**INPUT FOR THIS TASK:**
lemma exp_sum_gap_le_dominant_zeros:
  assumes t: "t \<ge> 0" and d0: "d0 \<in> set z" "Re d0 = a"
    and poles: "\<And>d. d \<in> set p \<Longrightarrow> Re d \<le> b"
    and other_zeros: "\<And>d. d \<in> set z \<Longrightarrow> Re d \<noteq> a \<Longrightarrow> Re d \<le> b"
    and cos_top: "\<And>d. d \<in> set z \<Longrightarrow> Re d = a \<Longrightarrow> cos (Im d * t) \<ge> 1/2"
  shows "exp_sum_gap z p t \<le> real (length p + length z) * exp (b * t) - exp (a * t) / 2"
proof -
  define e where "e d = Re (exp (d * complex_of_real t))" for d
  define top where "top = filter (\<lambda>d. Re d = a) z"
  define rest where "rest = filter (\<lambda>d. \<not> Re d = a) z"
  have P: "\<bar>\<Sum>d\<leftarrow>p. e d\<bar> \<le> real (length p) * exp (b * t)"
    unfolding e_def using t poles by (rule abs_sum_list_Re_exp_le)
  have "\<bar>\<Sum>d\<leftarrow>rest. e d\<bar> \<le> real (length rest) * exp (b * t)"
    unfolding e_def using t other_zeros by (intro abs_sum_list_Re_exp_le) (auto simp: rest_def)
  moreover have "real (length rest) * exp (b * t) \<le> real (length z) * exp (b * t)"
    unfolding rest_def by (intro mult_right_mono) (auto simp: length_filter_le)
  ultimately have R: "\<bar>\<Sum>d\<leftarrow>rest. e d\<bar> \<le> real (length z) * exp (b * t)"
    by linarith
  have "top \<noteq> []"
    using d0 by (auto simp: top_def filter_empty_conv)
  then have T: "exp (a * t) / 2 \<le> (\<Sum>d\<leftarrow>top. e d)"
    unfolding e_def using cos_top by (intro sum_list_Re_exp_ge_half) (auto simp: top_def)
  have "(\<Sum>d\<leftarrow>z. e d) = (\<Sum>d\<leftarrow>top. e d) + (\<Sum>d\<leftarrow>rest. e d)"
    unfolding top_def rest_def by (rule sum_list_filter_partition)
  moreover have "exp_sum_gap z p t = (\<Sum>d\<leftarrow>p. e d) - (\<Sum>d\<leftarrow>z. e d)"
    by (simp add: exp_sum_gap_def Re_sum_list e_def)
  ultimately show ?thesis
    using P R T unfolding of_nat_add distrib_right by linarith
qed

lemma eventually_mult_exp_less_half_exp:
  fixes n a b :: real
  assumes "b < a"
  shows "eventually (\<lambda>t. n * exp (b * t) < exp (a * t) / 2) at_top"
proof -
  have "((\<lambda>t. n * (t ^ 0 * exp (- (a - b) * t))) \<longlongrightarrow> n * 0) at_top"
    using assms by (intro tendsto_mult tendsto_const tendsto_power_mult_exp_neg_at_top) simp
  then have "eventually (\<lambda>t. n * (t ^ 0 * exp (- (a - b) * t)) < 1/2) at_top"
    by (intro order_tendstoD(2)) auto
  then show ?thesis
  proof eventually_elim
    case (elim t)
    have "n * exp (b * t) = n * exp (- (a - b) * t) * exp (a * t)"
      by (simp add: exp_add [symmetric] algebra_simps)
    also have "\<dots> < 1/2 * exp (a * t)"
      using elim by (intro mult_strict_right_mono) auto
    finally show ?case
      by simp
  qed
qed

---

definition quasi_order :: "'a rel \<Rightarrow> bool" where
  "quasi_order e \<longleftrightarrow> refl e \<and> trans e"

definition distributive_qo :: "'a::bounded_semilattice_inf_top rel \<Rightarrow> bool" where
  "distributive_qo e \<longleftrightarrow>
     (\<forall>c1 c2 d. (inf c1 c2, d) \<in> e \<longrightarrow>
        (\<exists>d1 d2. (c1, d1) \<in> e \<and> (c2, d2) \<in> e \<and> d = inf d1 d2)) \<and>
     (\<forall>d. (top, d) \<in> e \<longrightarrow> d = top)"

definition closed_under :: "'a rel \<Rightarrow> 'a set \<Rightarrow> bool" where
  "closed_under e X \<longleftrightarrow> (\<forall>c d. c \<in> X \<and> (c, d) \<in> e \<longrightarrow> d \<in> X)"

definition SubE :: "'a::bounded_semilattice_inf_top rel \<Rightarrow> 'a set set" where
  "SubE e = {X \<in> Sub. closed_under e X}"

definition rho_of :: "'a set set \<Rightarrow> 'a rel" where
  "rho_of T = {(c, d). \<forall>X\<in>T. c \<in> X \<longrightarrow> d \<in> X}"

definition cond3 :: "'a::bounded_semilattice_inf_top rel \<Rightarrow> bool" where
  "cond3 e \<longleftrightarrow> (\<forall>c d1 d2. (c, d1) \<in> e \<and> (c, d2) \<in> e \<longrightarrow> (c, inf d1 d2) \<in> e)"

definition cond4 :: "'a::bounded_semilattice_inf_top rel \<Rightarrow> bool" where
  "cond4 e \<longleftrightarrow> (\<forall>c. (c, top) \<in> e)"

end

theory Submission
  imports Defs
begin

* * *

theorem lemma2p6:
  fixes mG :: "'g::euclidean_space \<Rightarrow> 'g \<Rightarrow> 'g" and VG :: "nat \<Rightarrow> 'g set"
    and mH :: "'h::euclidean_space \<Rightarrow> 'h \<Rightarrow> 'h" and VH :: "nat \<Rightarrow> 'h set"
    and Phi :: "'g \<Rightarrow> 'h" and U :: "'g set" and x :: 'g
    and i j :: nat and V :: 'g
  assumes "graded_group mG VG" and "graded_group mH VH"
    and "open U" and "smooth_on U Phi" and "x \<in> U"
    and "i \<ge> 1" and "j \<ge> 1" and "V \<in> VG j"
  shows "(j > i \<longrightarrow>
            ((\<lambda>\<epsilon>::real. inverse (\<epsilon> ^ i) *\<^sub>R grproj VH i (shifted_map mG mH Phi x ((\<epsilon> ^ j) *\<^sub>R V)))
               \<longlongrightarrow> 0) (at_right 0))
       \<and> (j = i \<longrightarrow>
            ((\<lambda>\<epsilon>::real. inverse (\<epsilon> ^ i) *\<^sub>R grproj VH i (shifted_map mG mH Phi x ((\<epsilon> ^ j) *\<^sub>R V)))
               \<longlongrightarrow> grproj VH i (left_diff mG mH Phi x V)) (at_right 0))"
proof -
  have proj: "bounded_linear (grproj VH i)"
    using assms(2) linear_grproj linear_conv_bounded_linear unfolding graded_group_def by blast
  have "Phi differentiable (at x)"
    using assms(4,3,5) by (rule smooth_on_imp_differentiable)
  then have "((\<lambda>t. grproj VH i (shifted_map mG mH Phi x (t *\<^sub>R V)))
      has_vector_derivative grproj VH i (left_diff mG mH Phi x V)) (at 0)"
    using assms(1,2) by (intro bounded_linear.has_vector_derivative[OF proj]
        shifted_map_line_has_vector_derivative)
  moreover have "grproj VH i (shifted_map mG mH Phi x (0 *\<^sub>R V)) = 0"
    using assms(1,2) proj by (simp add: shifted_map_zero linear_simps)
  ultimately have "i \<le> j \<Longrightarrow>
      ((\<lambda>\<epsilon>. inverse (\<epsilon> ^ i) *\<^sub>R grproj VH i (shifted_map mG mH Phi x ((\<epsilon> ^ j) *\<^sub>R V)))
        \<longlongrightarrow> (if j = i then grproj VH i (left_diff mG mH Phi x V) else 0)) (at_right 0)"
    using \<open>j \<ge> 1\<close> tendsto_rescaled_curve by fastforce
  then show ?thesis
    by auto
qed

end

**WHAT TO DO:**
In the entries above, find the line holding "unfolding e_def using t poles" and the line holding "d\<bar> \<le> real (length z)"; print both of them and every line between, exactly, and nothing else.

**EXERCISE RESULT:**
    unfolding e_def using t poles by (rule abs_sum_list_Re_exp_le)
  have "\<bar>\<Sum>d\<leftarrow>rest. e d\<bar> \<le> real (length rest) * exp (b * t)"
    unfolding e_def using t other_zeros by (intro abs_sum_list_Re_exp_le) (auto simp: rest_def)
  moreover have "real (length rest) * exp (b * t) \<le> real (length z) * exp (b * t)"
    unfolding rest_def by (intro mult_right_mono) (auto simp: length_filter_le)
  ultimately have R: "\<bar>\<Sum>d\<leftarrow>rest. e d\<bar> \<le> real (length z) * exp (b * t)"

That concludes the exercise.